DATA FOR THIS TASK:
★ ★ ★ ★ ★ ★ ★

(* Let $d\in\mathbb N$. Then: (1) for each $j=1,\dots,d$ and each bounded linear operator $T:C_0(\mathbb R)\to C_0(\mathbb R)$ there is a unique bounded linear operator $\mathcal T^j:C_0(\mathbb R^d)\to C_0(\mathbb R^d)$ such that for every $f\in C_0(\mathbb R^d)$ and every $x\in\mathbb R^d$, $$(\mathcal T^jf)(x_1,\dots,x_d)=\bigl(T(f(x_1,\dots,x_{j-1},\cdot,x_{j+1},\dots,x_d))\bigr)(x_j);$$ (2) for each $j$, the map $V_j:T\mapsto\mathcal T^j$ is a continuous homomorphism of the Banach algebra $\mathcal B(C_0(\mathbb R),C_0(\mathbb R))$ into the Banach algebra $\mathcal B(C_0(\mathbb R^d),C_0(\mathbb R^d))$; (3) for all $S,T\in\mathcal B(C_0(\mathbb R),C_0(\mathbb R))$ and all $i\ne j$, $V_i(S)V_j(T)f=V_j(T)V_i(S)f$ for every $f\in C_0(\mathbb R^d)$.
   Context: $C_0(\mathbb R^d)$ is the Banach space of continuous real functions on $\mathbb R^d$ tending to $0$ at infinity, with the sup norm; $\mathcal B(X,X)$ is the Banach algebra of bounded linear operators on $X$ with the operator norm. *)

theory Defs
  imports "HOL-Analysis.Analysis"
begin

definition C0 :: "('a::real_normed_vector \<Rightarrow> real) set" where
  "C0 = {f. continuous_on UNIV f \<and> (f \<longlongrightarrow> 0) at_infinity}"

definition supn :: "('a \<Rightarrow> real) \<Rightarrow> real" where
  "supn f = (SUP x. \<bar>f x\<bar>)"

text \<open>Bounded linear operators C_0(X) to C_0(X), as maps on functions
  (only their values on C_0(X) are relevant).\<close>
definition bounded_op :: "(('a::real_normed_vector \<Rightarrow> real) \<Rightarrow> ('a \<Rightarrow> real)) \<Rightarrow> bool" where
  "bounded_op T \<longleftrightarrow>
     (\<forall>f\<in>C0. T f \<in> C0) \<and>
     (\<forall>f\<in>C0. \<forall>g\<in>C0. \<forall>a b::real.
         T (\<lambda>x. a * f x + b * g x) = (\<lambda>x. a * T f x + b * T g x)) \<and>
     (\<exists>K. \<forall>f\<in>C0. supn (T f) \<le> K * supn f)"

definition opnorm :: "(('a::real_normed_vector \<Rightarrow> real) \<Rightarrow> ('a \<Rightarrow> real)) \<Rightarrow> real" where
  "opnorm T = (SUP f\<in>{f\<in>C0. supn f \<le> 1}. supn (T f))"

definition op_lincomb :: "real \<Rightarrow> (('a \<Rightarrow> real) \<Rightarrow> ('a \<Rightarrow> real)) \<Rightarrow> real
    \<Rightarrow> (('a \<Rightarrow> real) \<Rightarrow> ('a \<Rightarrow> real)) \<Rightarrow> (('a \<Rightarrow> real) \<Rightarrow> ('a \<Rightarrow> real))" where
  "op_lincomb a S b T = (\<lambda>f x. a * S f x + b * T f x)"

definition coord_upd :: "real^'n \<Rightarrow> 'n \<Rightarrow> real \<Rightarrow> real^'n" where
  "coord_upd x j t = (\<chi> i. if i = j then t else x $ i)"

definition coord_lift :: "'n \<Rightarrow> ((real \<Rightarrow> real) \<Rightarrow> (real \<Rightarrow> real))
    \<Rightarrow> ((real^'n \<Rightarrow> real) \<Rightarrow> (real^'n \<Rightarrow> real))" where
  "coord_lift j T = (\<lambda>f x. T (\<lambda>t. f (coord_upd x j t)) (x $ j))"

end

theory Submission
  imports Defs
begin

text \<open>Write f^x_j for the slice t \<mapsto> f(x with x_j := t). The lifted operator maps
  x \<mapsto> g(x with x_j := c) h(x_j) to x \<mapsto> g(x with x_j := c) (T h)(x_j), again a
  C_0 function, and finite sums of such products are uniformly dense in C_0(R^d):
  interpolate f piecewise linearly in x_j along the grid Z/N. Since
  |(V_j T f)(x)| \<le> ||T|| ||f^x_j|| \<le> ||T|| ||f||, the function V_j T f is a uniform limit of
  C_0 functions, hence in C_0, and ||V_j T|| \<le> ||T|| yields continuity of V_j. For i \<noteq> j,
  V_i S and V_j T commute on such products taken in the i-th coordinate, hence
  everywhere by density.\<close>

section \<open>Functions vanishing at infinity\<close>

lemma tendsto_zero_at_infinity_iff:
  fixes f :: "'a::real_normed_vector \<Rightarrow> real"
  shows "(f \<longlongrightarrow> 0) at_infinity \<longleftrightarrow> (\<forall>e>0. \<exists>R. \<forall>x. R \<le> norm x \<longrightarrow> \<bar>f x\<bar> \<le> e)"
proof
  assume "(f \<longlongrightarrow> 0) at_infinity"
  then show "\<forall>e>0. \<exists>R. \<forall>x. R \<le> norm x \<longrightarrow> \<bar>f x\<bar> \<le> e"
    unfolding Lim_at_infinity dist_real_def by (metis diff_zero less_imp_le)
next
  assume R: "\<forall>e>0. \<exists>R. \<forall>x. R \<le> norm x \<longrightarrow> \<bar>f x\<bar> \<le> e"
  show "(f \<longlongrightarrow> 0) at_infinity"
    unfolding Lim_at_infinity dist_real_def
  proof (intro allI impI)
    fix e :: real assume "e > 0"
    with R obtain R where "\<forall>x. R \<le> norm x \<longrightarrow> \<bar>f x\<bar> \<le> e / 2"
      using half_gt_zero by blast
    with \<open>e > 0\<close> show "\<exists>b. \<forall>x. b \<le> norm x \<longrightarrow> \<bar>f x - 0\<bar> < e"
      by fastforce
  qed
qed

lemma C0_vanishes:
  fixes f :: "'a::real_normed_vector \<Rightarrow> real"
  assumes "f \<in> C0" "e > 0"
  obtains R where "\<And>x. R \<le> norm x \<Longrightarrow> \<bar>f x\<bar> \<le> e"
  using assms unfolding C0_def tendsto_zero_at_infinity_iff by blast

lemma C0_bounded:
  fixes f :: "'a::{real_normed_vector,heine_borel} \<Rightarrow> real"
  assumes "f \<in> C0"
  obtains B where "\<And>x. \<bar>f x\<bar> \<le> B"
proof -
  obtain R where R: "\<And>x. R \<le> norm x \<Longrightarrow> \<bar>f x\<bar> \<le> 1"
    using C0_vanishes[OF assms zero_less_one] by blast
  have "compact (f ` cball 0 R)"
    using assms by (intro compact_continuous_image) (auto simp: C0_def intro: continuous_on_subset)
  then obtain B where B: "\<And>x. x \<in> cball 0 R \<Longrightarrow> \<bar>f x\<bar> \<le> B"
    by (metis compact_imp_bounded bounded_iff image_eqI real_norm_def)
  have "\<bar>f x\<bar> \<le> max B 1" for x
    using B[of x] R[of x] by (cases "norm x \<le> R") auto
  then show thesis by (rule that)
qed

★ ★ ★ ★ ★ ★ ★

DIRECTIONS: An exact, complete copy of the lines above from the one with "(\<lambda>f x. T" through the one with "x \<mapsto> g(x with x_j := c) h(x_j)" is the whole answer.

EXERCISE RESPONSE:
  "coord_lift j T = (\<lambda>f x. T (\<lambda>t. f (coord_upd x j t)) (x $ j))"

end

theory Submission
  imports Defs
begin

text \<open>Write f^x_j for the slice t \<mapsto> f(x with x_j := t). The lifted operator maps
  x \<mapsto> g(x with x_j := c) h(x_j) to x \<mapsto> g(x with x_j := c) (T h)(x_j), again a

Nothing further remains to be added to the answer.